▸ **RECORDED DATA**:
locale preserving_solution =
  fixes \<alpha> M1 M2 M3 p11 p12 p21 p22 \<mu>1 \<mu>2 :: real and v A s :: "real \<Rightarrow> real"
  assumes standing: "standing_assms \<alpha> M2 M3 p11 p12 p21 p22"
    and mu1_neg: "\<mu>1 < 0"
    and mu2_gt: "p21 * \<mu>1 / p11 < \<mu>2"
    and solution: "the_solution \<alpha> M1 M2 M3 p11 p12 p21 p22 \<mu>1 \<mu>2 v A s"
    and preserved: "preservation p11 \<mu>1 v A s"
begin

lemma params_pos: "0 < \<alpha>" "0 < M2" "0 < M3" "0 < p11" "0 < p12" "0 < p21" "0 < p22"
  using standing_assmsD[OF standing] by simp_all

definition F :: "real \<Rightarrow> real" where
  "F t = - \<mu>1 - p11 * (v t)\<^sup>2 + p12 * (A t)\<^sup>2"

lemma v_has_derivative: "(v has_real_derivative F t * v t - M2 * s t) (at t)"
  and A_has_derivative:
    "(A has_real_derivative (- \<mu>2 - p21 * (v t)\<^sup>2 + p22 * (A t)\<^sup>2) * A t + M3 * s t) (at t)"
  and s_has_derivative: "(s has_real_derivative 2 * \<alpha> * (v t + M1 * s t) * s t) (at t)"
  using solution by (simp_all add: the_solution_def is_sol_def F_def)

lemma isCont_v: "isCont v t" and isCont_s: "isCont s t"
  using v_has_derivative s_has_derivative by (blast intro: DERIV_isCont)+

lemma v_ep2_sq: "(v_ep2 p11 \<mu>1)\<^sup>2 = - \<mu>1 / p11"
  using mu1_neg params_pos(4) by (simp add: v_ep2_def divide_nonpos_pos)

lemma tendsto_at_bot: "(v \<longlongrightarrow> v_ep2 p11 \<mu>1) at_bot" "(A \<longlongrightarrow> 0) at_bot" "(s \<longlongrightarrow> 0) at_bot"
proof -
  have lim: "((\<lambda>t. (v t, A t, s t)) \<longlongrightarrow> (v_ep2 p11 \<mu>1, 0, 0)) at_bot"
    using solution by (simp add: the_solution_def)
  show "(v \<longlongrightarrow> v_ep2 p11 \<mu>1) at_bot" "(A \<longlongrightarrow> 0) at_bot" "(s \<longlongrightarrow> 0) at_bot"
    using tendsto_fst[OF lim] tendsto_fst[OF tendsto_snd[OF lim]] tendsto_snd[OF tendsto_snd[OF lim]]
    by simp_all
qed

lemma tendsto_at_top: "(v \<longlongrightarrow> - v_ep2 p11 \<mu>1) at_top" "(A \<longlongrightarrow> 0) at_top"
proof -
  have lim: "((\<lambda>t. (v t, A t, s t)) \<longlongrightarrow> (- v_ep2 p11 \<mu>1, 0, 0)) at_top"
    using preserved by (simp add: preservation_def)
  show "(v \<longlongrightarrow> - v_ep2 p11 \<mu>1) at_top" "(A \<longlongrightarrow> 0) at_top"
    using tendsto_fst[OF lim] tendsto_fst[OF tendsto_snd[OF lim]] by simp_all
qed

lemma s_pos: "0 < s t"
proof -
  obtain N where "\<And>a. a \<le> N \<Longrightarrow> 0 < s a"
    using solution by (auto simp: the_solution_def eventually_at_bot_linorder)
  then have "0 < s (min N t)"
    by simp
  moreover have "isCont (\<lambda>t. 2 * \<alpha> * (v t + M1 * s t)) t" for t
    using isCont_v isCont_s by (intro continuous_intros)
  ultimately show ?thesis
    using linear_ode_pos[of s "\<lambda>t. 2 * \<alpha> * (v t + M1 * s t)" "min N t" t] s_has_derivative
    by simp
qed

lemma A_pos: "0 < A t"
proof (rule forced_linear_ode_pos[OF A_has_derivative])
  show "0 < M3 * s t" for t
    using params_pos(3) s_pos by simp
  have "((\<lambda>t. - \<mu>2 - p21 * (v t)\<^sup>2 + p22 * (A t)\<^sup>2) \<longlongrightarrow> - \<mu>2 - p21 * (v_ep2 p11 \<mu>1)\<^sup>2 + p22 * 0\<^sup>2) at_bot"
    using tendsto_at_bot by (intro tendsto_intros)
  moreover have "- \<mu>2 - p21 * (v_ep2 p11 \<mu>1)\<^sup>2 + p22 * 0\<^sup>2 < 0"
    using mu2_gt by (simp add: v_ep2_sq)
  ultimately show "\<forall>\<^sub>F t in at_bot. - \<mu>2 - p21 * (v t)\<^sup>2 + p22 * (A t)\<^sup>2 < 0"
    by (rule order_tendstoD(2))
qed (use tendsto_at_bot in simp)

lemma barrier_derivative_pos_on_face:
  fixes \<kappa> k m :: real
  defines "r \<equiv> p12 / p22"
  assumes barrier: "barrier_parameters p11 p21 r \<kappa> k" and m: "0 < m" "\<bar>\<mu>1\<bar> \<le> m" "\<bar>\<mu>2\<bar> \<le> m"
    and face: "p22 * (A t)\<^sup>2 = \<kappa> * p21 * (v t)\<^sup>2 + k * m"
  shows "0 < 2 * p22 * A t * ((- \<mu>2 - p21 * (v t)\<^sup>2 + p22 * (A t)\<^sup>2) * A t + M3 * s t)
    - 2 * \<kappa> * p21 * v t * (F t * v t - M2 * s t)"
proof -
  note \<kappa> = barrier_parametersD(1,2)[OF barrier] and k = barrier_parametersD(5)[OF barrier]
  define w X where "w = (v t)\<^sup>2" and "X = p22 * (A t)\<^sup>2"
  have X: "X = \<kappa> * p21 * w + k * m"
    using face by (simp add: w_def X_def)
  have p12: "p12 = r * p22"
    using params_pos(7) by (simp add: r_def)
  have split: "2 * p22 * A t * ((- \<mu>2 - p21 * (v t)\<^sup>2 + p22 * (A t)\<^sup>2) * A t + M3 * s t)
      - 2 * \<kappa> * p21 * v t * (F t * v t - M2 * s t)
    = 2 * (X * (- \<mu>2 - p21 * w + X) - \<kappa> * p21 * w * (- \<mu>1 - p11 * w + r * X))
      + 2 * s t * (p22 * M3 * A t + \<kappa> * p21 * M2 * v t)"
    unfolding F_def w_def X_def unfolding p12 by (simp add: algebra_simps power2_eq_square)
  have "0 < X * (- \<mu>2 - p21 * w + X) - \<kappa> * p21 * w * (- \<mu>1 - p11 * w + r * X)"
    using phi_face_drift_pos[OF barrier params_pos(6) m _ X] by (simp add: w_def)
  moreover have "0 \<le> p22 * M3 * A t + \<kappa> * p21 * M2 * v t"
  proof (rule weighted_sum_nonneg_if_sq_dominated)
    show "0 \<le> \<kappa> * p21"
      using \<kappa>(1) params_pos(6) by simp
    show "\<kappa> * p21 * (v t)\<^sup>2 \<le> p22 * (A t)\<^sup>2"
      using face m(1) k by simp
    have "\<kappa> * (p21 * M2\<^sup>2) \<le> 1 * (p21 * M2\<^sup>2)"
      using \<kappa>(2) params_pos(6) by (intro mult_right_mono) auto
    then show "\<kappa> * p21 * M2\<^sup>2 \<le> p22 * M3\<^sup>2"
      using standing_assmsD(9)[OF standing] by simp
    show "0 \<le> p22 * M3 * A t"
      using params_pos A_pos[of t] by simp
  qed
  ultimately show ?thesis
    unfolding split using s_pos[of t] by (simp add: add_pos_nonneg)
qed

▸ **EXERCISE GOAL**: Check each line above for the string "unfolding" and return those that contain it.

▸ **RESULT BELOW**:
    unfolding F_def w_def X_def unfolding p12 by (simp add: algebra_simps power2_eq_square)
    unfolding split using s_pos[of t] by (simp add: add_pos_nonneg)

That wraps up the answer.